Finita la prima storia! Mi accingo quindi a condividere le mie impressioni.
Il tema centrale di questa prima parte del libro è sicuramente il rimpianto, e il potere che questo ha di farci stagnare nel passato, impedendoci di proseguire verso il futuro.
Ci racconta questo la protagonista, una sceneggiatrice fallita che, alla soglia dei quarant'anni, si trova a svolgere un lavoro sicuro ma poco appagante, che non le dà alcuno stimolo.
La musica classica è il Deus ex machina che introduce ai successivi avvenimenti. D'altronde non avrebbe potuto essere altrimenti: il Caffè della Luna Piena ci viene descritto come un luogo raffinato ed elegante.
Interessante l'idea dei gatti che prendono forma umana. Che poi non sono neanche gatti, non si sa cosa sono; prendono le forme più coerenti per interagire con il genere umano.
L'atmosfera è sicuramente onirica: basti pensare che il gatto-chef, oltre a parlare, è pure alto due metri
. Come però ha scritto Giorgia, ci metti poco a scivolare in questa logica fantastica; forse anche perché la protagonista, per quanto incredula, sembra comunque molto tranquilla e lascia fluire gli avvenimenti.
Interessante la suddivisione della vita secondo le fasi astrologiche. Ricalcano tanto le fasi dello sviluppo umano ipotizzate da Erickson, soprattutto per il fatto che fallire una fase compromette le successive.
Riguardo alla carta astrale, grande topic del libro, sapevo che esistesse ma non ne avevo mai vista una. Le illustrazioni (che a quanto pare sono state fatte dalla stessa scrittrice; è anche una mangaka) hanno colmato questa lacuna. Unica cosa, non credo onestamente che la carta astrale sia letta correttamente; in questo frangente risponde solo ad esigenze di trama.

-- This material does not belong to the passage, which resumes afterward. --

(* Let $F$ be a Banach space and $X=F\oplus F'$, so that $X''=F''\oplus F'''$. Fix $x'',y''\in F''$ and $x''',y'''\in F'''$. If $\tilde\delta_{(x'',x''')}\ast\tilde\delta_{(y'',y''')}=\tilde\delta_{(y'',y''')}\ast\tilde\delta_{(x'',x''')}$, then $\rho(x''')(y'')=\rho(y''')(x'')$, where $\rho:F'''\to F^\perp$ is the canonical projection.
   Context: $F'''=i_{F'}(F')\oplus F^\perp$, where $F^\perp\subseteq F'''$ is the annihilator of the canonical image $i_F(F)\subseteq F''$; $\rho$ is the projection onto $F^\perp$ along $i_{F'}(F')$. $\mathcal{H}_b(X)$ is the Fréchet algebra of entire functions of bounded type on $X$ and $\mathcal{M}_b(X)$ its spectrum. For $f\in\mathcal{H}_b(X)$, $\tilde f\in\mathcal{H}_b(X'')$ is its Aron–Berner extension (multilinear forms extended by iterated weak-star limits from the right variable to the left, polynomials through their symmetric multilinear forms, functions termwise in their Taylor series at $0$), and $\tilde\delta_z(f)=\tilde f(z)$ for $z\in X''$. Convolution: $\varphi\ast\psi(f)=\varphi\big(x\mapsto\psi(\tau_xf)\big)$ with $\tau_xf(y)=f(y+x)$. *)

theory Defs
  imports "HOL-Analysis.Analysis"
begin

Il racconto si fa a tratti ambizioso: quando si parla delle fasi evolutive del genere umano, l'autrice tenta un coinvolgimento diretto del lettore:
"Perché ha usato il plurale?"
"Per indicare tutti coloro che vivono in questa epoca".
In questo senso, sembra voler dare un insegnamento a tutto il genere umano, assumendo a tratti una parvenza di misticità.
Chiudo con una citazione che mi è piaciuta molto:
"Fin'ora si è trattenuta dal piangere, dico bene? Nei momenti difficili bisogna lasciarsi andare. L'acqua ha l'effetto di far scorrere tutto via con sé".